*INSTRUCTIONS TO FOLLOW*: Throughout the records below, find each line holding "fixes" and copy it.
· · ·
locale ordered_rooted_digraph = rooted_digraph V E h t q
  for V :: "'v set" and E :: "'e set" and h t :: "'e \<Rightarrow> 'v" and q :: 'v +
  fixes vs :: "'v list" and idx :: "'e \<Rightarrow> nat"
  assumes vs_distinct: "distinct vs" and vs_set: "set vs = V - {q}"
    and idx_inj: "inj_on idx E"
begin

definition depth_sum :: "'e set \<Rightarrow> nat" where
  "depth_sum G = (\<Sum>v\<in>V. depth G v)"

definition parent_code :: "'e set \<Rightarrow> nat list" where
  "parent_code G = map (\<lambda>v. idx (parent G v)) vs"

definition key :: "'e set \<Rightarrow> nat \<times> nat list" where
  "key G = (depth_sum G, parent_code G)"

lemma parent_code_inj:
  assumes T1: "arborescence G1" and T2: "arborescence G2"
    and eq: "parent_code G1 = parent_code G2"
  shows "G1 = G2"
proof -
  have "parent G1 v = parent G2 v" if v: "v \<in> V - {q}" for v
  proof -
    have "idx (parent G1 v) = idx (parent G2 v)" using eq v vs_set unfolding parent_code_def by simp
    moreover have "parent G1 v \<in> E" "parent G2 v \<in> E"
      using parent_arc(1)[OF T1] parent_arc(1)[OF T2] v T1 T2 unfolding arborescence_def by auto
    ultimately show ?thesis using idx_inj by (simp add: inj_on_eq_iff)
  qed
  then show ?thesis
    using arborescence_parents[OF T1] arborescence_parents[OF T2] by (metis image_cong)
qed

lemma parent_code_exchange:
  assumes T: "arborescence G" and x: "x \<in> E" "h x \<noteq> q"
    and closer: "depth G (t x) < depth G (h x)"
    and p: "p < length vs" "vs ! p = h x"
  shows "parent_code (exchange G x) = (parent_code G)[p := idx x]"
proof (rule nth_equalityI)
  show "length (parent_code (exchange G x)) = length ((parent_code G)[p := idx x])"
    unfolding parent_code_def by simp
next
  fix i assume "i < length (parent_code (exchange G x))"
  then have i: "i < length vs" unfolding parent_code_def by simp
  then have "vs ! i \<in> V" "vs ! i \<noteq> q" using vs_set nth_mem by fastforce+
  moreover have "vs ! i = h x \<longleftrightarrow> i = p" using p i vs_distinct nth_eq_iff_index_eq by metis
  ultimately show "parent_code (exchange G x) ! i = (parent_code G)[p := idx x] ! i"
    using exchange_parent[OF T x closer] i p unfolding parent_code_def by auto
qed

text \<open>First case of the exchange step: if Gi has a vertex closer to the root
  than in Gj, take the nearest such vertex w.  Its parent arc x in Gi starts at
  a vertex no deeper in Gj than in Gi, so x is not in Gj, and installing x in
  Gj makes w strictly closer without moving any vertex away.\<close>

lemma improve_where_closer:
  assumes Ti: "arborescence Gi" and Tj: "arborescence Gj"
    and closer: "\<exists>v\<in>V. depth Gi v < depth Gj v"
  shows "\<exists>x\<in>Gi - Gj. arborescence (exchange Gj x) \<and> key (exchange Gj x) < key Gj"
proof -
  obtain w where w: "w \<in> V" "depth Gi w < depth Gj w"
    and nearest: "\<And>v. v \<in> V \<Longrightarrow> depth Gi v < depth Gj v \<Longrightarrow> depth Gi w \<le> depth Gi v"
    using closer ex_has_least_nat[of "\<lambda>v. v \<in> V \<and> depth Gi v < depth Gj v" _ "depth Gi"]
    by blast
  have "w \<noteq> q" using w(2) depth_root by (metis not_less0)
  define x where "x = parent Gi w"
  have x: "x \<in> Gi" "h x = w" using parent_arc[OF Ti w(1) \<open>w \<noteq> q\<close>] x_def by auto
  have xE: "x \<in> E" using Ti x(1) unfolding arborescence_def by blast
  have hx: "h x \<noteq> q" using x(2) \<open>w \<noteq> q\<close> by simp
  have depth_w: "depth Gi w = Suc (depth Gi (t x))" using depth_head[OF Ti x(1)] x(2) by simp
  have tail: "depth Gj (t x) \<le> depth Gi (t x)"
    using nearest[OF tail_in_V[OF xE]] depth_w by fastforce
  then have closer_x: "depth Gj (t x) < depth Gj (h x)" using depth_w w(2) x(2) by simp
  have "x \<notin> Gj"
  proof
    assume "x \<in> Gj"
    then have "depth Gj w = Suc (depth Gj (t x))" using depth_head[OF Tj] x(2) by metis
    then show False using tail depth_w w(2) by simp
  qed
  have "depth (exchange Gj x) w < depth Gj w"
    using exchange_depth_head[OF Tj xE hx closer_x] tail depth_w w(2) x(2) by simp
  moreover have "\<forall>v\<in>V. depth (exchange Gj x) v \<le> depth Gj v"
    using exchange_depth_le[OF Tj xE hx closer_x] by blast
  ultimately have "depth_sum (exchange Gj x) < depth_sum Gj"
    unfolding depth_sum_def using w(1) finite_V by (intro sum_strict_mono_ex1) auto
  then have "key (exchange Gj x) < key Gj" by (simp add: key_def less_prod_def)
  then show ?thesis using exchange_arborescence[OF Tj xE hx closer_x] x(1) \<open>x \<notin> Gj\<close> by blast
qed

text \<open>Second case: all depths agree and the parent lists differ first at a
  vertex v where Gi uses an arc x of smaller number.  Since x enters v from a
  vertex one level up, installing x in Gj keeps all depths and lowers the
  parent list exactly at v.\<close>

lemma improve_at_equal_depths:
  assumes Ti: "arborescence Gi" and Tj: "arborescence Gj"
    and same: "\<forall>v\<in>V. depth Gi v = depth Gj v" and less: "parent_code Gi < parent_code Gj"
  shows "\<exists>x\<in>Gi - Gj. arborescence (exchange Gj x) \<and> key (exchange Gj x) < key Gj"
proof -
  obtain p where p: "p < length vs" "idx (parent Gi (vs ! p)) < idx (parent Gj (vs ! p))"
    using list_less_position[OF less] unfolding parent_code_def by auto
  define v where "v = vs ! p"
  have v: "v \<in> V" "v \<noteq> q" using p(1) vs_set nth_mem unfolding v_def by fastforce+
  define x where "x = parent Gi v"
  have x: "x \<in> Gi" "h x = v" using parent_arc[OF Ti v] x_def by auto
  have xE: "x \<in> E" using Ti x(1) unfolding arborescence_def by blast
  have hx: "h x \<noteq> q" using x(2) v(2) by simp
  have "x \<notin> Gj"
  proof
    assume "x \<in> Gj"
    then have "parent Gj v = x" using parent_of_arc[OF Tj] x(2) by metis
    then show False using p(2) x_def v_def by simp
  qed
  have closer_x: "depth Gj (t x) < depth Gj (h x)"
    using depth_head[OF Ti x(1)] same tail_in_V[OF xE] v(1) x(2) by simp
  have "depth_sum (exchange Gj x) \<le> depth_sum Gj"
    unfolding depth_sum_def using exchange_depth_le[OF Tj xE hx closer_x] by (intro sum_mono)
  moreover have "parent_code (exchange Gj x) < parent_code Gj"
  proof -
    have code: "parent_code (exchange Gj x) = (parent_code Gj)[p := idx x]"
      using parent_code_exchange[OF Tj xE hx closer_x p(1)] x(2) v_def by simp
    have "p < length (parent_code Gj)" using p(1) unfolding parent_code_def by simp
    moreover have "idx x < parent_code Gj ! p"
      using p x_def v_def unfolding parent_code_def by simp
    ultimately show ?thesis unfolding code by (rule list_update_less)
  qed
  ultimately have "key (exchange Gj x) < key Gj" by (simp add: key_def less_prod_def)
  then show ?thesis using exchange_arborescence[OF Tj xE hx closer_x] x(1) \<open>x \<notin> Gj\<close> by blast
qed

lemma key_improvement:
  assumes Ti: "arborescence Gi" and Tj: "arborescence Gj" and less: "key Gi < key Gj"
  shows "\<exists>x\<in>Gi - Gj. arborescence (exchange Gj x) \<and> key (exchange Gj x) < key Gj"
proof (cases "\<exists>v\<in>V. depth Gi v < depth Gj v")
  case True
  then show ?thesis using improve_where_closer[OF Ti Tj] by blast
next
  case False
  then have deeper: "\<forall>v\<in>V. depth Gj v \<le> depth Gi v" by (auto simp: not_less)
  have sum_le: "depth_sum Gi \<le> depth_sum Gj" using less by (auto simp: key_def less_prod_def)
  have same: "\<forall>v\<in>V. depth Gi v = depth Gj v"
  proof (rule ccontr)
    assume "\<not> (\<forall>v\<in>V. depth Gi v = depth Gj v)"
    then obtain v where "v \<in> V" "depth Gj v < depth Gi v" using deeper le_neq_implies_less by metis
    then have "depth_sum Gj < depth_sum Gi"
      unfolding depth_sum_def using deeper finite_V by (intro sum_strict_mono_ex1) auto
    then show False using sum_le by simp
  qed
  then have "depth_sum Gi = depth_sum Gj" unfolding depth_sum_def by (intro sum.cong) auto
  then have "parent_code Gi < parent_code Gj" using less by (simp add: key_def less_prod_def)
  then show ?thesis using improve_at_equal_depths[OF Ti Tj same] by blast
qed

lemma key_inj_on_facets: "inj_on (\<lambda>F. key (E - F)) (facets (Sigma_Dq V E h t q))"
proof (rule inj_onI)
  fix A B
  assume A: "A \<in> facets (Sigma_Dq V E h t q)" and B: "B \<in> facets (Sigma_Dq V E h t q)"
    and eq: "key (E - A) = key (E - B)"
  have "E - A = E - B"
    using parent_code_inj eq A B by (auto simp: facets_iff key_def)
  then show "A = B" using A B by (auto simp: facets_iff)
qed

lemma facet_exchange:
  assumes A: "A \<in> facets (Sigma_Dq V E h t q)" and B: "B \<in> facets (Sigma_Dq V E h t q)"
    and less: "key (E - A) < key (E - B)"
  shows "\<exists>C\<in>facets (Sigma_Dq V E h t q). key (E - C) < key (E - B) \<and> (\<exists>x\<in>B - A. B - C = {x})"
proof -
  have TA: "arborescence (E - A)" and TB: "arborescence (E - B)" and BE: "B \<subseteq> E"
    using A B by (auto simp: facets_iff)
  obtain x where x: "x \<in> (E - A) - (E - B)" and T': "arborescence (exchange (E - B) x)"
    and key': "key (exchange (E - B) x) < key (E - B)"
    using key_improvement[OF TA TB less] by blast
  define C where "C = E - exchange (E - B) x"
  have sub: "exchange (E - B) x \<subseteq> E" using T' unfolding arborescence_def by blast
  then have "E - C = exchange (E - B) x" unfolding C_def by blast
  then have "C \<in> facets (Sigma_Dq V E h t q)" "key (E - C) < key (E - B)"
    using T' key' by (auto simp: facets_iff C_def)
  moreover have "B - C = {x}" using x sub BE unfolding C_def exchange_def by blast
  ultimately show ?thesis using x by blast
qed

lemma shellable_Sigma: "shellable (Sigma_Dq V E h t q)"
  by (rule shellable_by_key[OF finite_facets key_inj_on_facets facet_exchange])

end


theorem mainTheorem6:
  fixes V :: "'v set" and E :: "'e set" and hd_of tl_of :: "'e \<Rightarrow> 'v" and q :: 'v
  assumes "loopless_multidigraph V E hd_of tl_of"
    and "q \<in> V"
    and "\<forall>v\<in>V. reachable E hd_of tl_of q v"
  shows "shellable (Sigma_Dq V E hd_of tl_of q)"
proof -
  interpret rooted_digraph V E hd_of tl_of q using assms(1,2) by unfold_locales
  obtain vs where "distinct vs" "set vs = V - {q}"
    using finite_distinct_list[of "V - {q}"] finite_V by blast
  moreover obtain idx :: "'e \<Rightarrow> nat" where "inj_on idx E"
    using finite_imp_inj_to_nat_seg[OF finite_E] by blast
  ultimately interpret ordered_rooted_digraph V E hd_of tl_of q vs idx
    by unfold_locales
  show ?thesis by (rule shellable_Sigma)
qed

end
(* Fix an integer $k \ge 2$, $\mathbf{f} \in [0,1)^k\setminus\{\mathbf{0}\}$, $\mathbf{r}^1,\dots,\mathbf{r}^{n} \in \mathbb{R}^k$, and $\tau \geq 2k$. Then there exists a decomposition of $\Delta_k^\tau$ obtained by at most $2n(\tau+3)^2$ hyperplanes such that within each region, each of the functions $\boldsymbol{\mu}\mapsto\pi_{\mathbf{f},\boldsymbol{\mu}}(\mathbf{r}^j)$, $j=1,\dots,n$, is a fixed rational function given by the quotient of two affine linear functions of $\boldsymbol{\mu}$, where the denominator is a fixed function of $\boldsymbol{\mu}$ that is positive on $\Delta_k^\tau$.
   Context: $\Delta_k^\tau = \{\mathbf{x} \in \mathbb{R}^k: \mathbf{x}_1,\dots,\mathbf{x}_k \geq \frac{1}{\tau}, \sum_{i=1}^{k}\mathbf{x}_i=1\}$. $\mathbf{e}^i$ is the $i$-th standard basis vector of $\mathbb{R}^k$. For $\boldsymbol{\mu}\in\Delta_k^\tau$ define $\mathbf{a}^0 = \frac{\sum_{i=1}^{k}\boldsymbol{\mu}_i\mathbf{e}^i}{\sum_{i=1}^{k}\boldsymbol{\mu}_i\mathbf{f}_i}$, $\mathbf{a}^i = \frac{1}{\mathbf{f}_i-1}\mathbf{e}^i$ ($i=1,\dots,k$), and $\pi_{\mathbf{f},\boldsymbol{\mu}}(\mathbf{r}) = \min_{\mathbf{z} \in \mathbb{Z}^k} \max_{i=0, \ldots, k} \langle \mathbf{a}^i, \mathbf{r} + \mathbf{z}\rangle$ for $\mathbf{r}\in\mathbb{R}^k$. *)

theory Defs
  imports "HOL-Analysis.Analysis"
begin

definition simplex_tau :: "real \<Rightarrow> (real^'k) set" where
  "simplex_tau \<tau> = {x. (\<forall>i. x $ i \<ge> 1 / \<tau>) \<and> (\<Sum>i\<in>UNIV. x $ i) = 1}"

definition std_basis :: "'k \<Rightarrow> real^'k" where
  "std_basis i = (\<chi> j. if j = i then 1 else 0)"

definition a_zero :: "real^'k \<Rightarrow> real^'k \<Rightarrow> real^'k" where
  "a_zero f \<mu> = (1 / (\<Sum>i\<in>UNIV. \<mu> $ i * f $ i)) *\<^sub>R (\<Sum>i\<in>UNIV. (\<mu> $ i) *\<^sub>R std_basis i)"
· · ·
*COMPLETED EXERCISE*:
  fixes vs :: "'v list" and idx :: "'e \<Rightarrow> nat"
  fixes V :: "'v set" and E :: "'e set" and hd_of tl_of :: "'e \<Rightarrow> 'v" and q :: 'v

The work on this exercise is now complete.